(Stored items)
# # #
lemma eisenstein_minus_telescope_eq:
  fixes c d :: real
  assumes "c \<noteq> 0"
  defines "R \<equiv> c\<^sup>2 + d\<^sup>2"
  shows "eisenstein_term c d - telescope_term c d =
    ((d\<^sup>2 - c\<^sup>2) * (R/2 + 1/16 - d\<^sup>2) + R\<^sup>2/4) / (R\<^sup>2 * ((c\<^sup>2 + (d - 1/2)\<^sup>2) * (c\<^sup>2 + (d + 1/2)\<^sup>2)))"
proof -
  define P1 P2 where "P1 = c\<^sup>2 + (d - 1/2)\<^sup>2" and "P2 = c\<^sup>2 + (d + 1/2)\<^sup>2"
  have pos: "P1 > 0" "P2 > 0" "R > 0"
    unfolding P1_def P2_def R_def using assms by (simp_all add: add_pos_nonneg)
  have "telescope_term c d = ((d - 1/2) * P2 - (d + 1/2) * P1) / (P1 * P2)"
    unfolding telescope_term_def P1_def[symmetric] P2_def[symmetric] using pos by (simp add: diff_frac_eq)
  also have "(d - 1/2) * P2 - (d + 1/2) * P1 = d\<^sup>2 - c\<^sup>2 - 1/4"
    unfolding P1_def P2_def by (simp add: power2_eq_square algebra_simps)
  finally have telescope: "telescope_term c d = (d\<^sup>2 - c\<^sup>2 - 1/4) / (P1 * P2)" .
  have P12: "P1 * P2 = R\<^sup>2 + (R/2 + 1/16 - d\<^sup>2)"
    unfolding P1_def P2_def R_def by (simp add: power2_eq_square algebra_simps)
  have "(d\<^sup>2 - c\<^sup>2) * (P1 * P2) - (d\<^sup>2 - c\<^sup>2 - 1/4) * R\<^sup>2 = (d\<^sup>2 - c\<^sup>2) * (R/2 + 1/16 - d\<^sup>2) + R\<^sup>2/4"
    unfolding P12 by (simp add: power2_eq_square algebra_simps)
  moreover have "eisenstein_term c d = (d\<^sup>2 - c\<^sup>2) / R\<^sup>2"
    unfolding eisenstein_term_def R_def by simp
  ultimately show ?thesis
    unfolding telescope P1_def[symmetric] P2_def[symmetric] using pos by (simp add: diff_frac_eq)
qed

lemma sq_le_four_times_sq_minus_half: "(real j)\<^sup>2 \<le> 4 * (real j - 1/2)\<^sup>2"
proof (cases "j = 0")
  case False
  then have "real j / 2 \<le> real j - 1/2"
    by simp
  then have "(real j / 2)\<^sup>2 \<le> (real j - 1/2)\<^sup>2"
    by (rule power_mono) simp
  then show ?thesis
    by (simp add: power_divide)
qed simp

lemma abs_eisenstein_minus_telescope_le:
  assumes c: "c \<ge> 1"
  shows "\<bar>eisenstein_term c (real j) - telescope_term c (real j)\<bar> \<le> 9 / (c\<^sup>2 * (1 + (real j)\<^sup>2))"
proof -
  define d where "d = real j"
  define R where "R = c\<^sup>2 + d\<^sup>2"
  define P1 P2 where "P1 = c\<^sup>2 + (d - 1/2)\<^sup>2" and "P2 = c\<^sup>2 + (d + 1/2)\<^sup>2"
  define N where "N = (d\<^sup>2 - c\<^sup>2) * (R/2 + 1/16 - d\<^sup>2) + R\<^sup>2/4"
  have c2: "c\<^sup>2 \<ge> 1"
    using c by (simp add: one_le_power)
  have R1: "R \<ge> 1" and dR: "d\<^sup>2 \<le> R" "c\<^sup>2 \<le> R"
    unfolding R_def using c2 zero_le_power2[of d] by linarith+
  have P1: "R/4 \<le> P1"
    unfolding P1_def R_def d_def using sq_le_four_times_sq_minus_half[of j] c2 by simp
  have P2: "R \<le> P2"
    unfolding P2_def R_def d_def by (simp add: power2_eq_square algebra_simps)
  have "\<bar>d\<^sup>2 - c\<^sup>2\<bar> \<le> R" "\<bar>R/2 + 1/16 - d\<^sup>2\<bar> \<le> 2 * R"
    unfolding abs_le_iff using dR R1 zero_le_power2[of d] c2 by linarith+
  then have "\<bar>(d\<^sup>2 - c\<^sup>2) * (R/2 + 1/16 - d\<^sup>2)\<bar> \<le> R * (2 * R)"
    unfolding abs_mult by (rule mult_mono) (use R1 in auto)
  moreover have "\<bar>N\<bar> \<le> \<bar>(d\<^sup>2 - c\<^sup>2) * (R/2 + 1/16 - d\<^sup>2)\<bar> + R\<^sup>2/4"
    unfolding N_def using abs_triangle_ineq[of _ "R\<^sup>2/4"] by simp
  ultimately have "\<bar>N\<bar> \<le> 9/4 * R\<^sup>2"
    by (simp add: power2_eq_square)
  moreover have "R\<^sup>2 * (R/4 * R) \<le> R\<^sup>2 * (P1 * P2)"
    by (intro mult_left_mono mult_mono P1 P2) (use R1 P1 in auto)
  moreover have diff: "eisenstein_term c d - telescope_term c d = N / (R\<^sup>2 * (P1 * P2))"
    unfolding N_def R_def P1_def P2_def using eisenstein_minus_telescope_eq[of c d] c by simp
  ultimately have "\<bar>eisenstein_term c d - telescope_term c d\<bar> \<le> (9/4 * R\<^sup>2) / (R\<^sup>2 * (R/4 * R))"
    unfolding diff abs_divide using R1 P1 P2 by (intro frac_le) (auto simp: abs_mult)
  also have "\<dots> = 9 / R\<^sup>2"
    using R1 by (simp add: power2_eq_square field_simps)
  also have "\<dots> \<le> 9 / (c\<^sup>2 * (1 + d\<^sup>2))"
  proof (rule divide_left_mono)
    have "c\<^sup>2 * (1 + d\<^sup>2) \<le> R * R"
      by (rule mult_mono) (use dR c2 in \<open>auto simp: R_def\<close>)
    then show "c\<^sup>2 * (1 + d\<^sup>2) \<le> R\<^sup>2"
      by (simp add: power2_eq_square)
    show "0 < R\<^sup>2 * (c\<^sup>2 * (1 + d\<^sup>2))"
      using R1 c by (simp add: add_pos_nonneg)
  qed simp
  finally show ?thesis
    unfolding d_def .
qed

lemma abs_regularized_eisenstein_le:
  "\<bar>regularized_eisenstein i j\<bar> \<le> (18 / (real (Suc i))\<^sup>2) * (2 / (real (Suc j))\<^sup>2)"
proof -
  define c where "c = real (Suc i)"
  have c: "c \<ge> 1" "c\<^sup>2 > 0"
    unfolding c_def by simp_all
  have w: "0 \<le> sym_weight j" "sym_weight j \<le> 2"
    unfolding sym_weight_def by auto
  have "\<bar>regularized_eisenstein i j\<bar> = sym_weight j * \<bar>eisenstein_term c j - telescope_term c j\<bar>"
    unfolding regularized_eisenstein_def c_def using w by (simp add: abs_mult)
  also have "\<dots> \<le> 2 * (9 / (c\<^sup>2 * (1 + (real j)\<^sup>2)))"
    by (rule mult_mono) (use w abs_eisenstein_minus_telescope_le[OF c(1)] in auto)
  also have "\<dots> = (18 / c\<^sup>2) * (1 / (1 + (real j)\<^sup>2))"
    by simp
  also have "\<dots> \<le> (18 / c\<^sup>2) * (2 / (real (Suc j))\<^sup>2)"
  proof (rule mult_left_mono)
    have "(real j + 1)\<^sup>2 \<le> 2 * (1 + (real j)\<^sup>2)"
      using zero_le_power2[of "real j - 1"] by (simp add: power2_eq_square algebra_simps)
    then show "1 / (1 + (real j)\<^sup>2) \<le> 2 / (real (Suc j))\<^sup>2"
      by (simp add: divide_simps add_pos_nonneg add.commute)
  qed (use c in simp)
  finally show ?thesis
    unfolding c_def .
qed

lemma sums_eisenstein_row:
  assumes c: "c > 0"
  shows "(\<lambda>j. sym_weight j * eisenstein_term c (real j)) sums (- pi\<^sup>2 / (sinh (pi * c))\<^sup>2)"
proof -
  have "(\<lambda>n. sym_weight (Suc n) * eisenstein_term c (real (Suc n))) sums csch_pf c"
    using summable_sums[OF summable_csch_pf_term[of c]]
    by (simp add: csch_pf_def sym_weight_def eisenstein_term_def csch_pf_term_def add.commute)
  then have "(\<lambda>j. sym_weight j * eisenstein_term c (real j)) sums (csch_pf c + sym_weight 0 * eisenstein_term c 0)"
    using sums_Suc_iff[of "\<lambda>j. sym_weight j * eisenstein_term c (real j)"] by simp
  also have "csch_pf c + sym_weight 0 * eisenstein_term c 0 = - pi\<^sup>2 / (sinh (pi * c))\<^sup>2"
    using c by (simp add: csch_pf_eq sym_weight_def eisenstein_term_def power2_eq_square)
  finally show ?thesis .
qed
# # #
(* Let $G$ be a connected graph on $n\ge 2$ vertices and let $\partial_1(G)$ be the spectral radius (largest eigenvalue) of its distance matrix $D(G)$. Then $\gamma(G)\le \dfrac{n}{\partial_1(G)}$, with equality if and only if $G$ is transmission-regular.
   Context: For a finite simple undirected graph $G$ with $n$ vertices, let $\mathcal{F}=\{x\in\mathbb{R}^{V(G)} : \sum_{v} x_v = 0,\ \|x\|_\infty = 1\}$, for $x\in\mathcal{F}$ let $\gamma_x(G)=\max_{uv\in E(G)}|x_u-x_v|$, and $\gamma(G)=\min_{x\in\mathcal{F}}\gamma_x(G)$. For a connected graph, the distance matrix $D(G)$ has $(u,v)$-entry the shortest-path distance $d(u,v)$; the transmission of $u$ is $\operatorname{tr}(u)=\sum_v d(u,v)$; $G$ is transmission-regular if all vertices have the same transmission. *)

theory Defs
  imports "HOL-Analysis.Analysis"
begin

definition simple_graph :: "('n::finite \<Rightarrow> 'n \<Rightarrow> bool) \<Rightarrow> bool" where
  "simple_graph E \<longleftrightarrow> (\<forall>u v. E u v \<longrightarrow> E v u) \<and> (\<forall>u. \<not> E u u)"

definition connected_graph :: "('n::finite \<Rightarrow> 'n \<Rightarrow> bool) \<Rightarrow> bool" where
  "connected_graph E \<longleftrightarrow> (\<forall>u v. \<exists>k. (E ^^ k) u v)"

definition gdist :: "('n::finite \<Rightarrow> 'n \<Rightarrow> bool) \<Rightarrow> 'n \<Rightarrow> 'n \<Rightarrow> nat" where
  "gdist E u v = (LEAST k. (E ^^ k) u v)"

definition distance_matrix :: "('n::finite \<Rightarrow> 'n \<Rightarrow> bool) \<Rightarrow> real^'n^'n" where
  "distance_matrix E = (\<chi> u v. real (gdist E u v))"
# # #
Your task
Say, as a bare number, how many lines in the entries above include the string "lemma".

Response box
5